Between 1489 and 1506 the castle was significantly expanded by Konstanty Ostrogski, who made it a modern fortress, one of the strongest in the area. After 1566 Dubno was part of the Volhynian Voivodeship of the Lesser Poland Province. During the Polish-Russian War of 1605–1618 in 1617, Prince and future King Władysław IV Vasa resided in the city.
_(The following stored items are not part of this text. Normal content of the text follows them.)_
lemma orthogonal_mat_mult:
  assumes "orthogonal_mat k U" "orthogonal_mat k H"
  shows "orthogonal_mat k (U * H)"
proof -
  have U: "U \<in> carrier_mat k k" and H: "H \<in> carrier_mat k k"
    using assms by (auto simp: orthogonal_mat_def)
  have "(U * H) * transpose_mat (U * H) = U * (H * transpose_mat H) * transpose_mat U"
    using U H by (simp add: transpose_mult[OF U H] assoc_mult_mat[of _ k k _ k _ k])
  also have "\<dots> = 1\<^sub>m k" using assms U by (simp add: orthogonal_mat_def)
  finally show ?thesis using U H by (simp add: orthogonal_mat_def)
qed

lemma orthogonal_mat_rows:
  assumes "orthogonal_mat k U" "i < k" "j < k"
  shows "(\<Sum>l<k. U $$ (i, l) * U $$ (j, l)) = (if i = j then 1 else 0)"
proof -
  have U: "U \<in> carrier_mat k k" using assms by (simp add: orthogonal_mat_def)
  have "(\<Sum>l<k. U $$ (i, l) * U $$ (j, l)) = (U * transpose_mat U) $$ (i, j)"
    using U assms by (subst index_mult_mat_sum[of _ k k _ k]) (auto intro!: sum.cong)
  then show ?thesis using assms by (simp add: orthogonal_mat_def)
qed

lemma orthogonal_mat_cols:
  assumes "orthogonal_mat k U" "i < k" "j < k"
  shows "(\<Sum>l<k. U $$ (l, i) * U $$ (l, j)) = (if i = j then 1 else 0)"
  using orthogonal_mat_rows[OF orthogonal_mat_transpose[OF assms(1)] assms(2,3)]
    orthogonal_mat_carrier[OF assms(1)] assms(2,3)
  by simp

lemma orthogonal_mat_row_sq_sum_le:
  assumes "orthogonal_mat k X" "i < k" "K \<le> k"
  shows "(\<Sum>l<K. (X $$ (i, l))\<^sup>2) \<le> 1"
proof -
  have "(\<Sum>l<K. (X $$ (i, l))\<^sup>2) \<le> (\<Sum>l<k. (X $$ (i, l))\<^sup>2)"
    by (rule sum_mono2) (use assms(3) in auto)
  also have "\<dots> = 1"
    using orthogonal_mat_rows[OF assms(1,2,2)] by (simp add: power2_eq_square)
  finally show ?thesis .
qed

lemma orthogonal_mat_col_sq_sum_le:
  assumes "orthogonal_mat k X" "i < k" "K \<le> k"
  shows "(\<Sum>l<K. (X $$ (l, i))\<^sup>2) \<le> 1"
proof -
  have "(\<Sum>l<K. (X $$ (l, i))\<^sup>2) = (\<Sum>l<K. (transpose_mat X $$ (i, l))\<^sup>2)"
    using orthogonal_mat_carrier[OF assms(1)] assms(2,3) by (intro sum.cong) auto
  also have "\<dots> \<le> 1"
    by (rule orthogonal_mat_row_sq_sum_le[OF orthogonal_mat_transpose[OF assms(1)] assms(2,3)])
  finally show ?thesis .
qed

lemma rdiag_carrier[simp]: "rdiag m n a \<in> carrier_mat m n"
  by (simp add: rdiag_def)

lemma rdiag_cong: "(\<And>i. i < min m n \<Longrightarrow> a i = b i) \<Longrightarrow> rdiag m n a = rdiag m n b"
  unfolding rdiag_def by (intro eq_matI) auto
(* Let $\mathcal{H}$ be a real Hilbert space, $A:\mathcal{H}\rightrightarrows\mathcal{H}$ maximal monotone with $A^{-1}(0)\neq\emptyset$, $\theta>0$, $p\geq1$ an integer, and suppose $(x,\lambda):[0,t_0]\to\mathcal{H}\times(0,+\infty)$ is a solution of \[ \dot{x}(t)+x(t)-(I+\lambda(t)A)^{-1}x(t)=0,\qquad \lambda(t)\,\|(I+\lambda(t)A)^{-1}x(t)-x(t)\|^{p-1}=\theta, \] with $x(0)\in\{x:0\notin Ax\}$, $x$ continuously differentiable and $\lambda$ locally Lipschitz. Then $\lambda(\cdot)$ is nondecreasing.
   Context: $(I+\lambda A)^{-1}$ is the resolvent of $A$ of index $\lambda>0$. *)

theory Defs
  imports "HOL-Analysis.Analysis"
begin

definition monotone_op :: "('a::real_inner \<Rightarrow> 'a set) \<Rightarrow> bool" where
  "monotone_op A \<longleftrightarrow> (\<forall>x y u v. u \<in> A x \<longrightarrow> v \<in> A y \<longrightarrow> inner (x - y) (u - v) \<ge> 0)"

definition maximal_monotone :: "('a::real_inner \<Rightarrow> 'a set) \<Rightarrow> bool" where
  "maximal_monotone A \<longleftrightarrow> monotone_op A \<and>
     (\<forall>B. monotone_op B \<and> (\<forall>x. A x \<subseteq> B x) \<longrightarrow> B = A)"

text \<open>Resolvent (I + lam A)^{-1} x: the (unique, for maximal monotone A and lam > 0) y with
  x \<in> y + lam A y.\<close>
definition resolvent :: "('a::real_inner \<Rightarrow> 'a set) \<Rightarrow> real \<Rightarrow> 'a \<Rightarrow> 'a" where
  "resolvent A lam x = (THE y. \<exists>v \<in> A y. x = y + lam *\<^sub>R v)"

definition locally_lipschitz_on :: "real set \<Rightarrow> (real \<Rightarrow> real) \<Rightarrow> bool" where
  "locally_lipschitz_on S f \<longleftrightarrow>
     (\<forall>t\<in>S. \<exists>e>0. \<exists>L. lipschitz_on L (S \<inter> cball t e) f)"

end

theory Submission
  imports Defs
begin

(* Write u t = x t - J (x t) with J = resolvent A (lam t), so that x' = -u and
   lam t * norm (u t) ^ (p - 1) = \<theta>. Freeze the index \<mu> = lam t. Since I - J\<^sub>\<mu> is firmly
   nonexpansive, the Euler step x s \<approx> x t - (s - t) u t raises norm (x - J\<^sub>\<mu> x) ^ 2 by o(s - t).
   If lam s < \<mu>, then norm (u s) \<le> norm (x s - J\<^sub>\<mu> (x s)) because \<nu> \<mapsto> norm (z - J\<^sub>\<nu> z) is
   nondecreasing, and the balance law together with Bernoulli's inequality gives
   lam s \<ge> lam t - o(s - t). A continuous function with nonnegative lower right Dini derivative
   is nondecreasing. That the resolvent is well defined is Minty's theorem, proved by minimising
   the Fitzpatrick function of A plus half the squared norm. *)

lemma le_of_le_add_mult_near_0:
  fixes m B D :: real
  assumes "\<And>t. 0 < t \<Longrightarrow> t < 1 \<Longrightarrow> m \<le> B + t * D"
  shows "m \<le> B"
proof (rule tendsto_lowerbound)
  show "((\<lambda>t. B + t * D) \<longlongrightarrow> B) (at_right 0)"
    by (auto intro!: tendsto_eq_intros)
  show "\<forall>\<^sub>F t in at_right 0. m \<le> B + t * D"
    unfolding eventually_at_right_field by (intro exI[of _ 1]) (auto intro: assms)
qed simp

lemma Cauchy_if_dist_sq_le:
  fixes Y :: "nat \<Rightarrow> 'a::metric_space"
  assumes dist_sq: "\<And>n k. dist (Y n) (Y k) ^ 2 \<le> \<delta> n + \<delta> k" and "\<delta> \<longlonglongrightarrow> 0"
  shows "Cauchy Y"
proof (rule metric_CauchyI)
  fix e :: real assume "0 < e"
  then have "\<forall>\<^sub>F n in sequentially. \<delta> n < e ^ 2 / 2"
    using \<open>\<delta> \<longlonglongrightarrow> 0\<close> by (intro order_tendstoD(2)) auto
  then obtain M where M: "\<And>n. n \<ge> M \<Longrightarrow> \<delta> n < e ^ 2 / 2"
    unfolding eventually_sequentially by blast
  have "dist (Y n) (Y k) < e" if "n \<ge> M" "k \<ge> M" for n k
  proof (rule power2_less_imp_less)
    show "dist (Y n) (Y k) ^ 2 < e ^ 2"
      using dist_sq[of n k] M[OF that(1)] M[OF that(2)] by linarith
  qed (use \<open>0 < e\<close> in simp)
  then show "\<exists>M. \<forall>n\<ge>M. \<forall>k\<ge>M. dist (Y n) (Y k) < e" by blast
qed

lemma Bernoulli_product_le_one:
  fixes \<xi> :: real
  assumes "0 \<le> \<xi>"
  shows "(1 - n * \<xi>) * (1 + \<xi>) ^ n \<le> 1"
proof (cases "\<xi> \<le> 1")
  case True
  have "(1 - n * \<xi>) * (1 + \<xi>) ^ n \<le> (1 - \<xi>) ^ n * (1 + \<xi>) ^ n"
    using Bernoulli_inequality[of "- \<xi>" n] True assms by (intro mult_right_mono) auto
  also have "\<dots> = (1 - \<xi> ^ 2) ^ n"
    by (simp add: power_mult_distrib[symmetric] power2_eq_square algebra_simps)
  also have "\<dots> \<le> 1"
    using True assms by (intro power_le_one) (auto simp: power_le_one)
  finally show ?thesis .
next
  case False
  show ?thesis
  proof (cases n)
    case (Suc m)
    then have "1 * \<xi> \<le> n * \<xi>"
      using assms by (intro mult_right_mono) auto
    then have "1 \<le> n * \<xi>"
      using False by linarith
    then have "(1 - n * \<xi>) * (1 + \<xi>) ^ n \<le> 0"
      using assms by (intro mult_nonpos_nonneg) auto
    then show ?thesis by simp
  qed simp
qed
With the death of Janusz Ostrogski in 1619, the last of his kin, the area was inherited by his brother-in-law Aleksander Zasławski of the cadet branch of the Ostrogski family. About that time it was again modernized to stand up to the standards of renaissance warfare and modernization of artillery. Finally, in 1673 it passed to the Lubomirski family, which built a new palace within the fortress walls.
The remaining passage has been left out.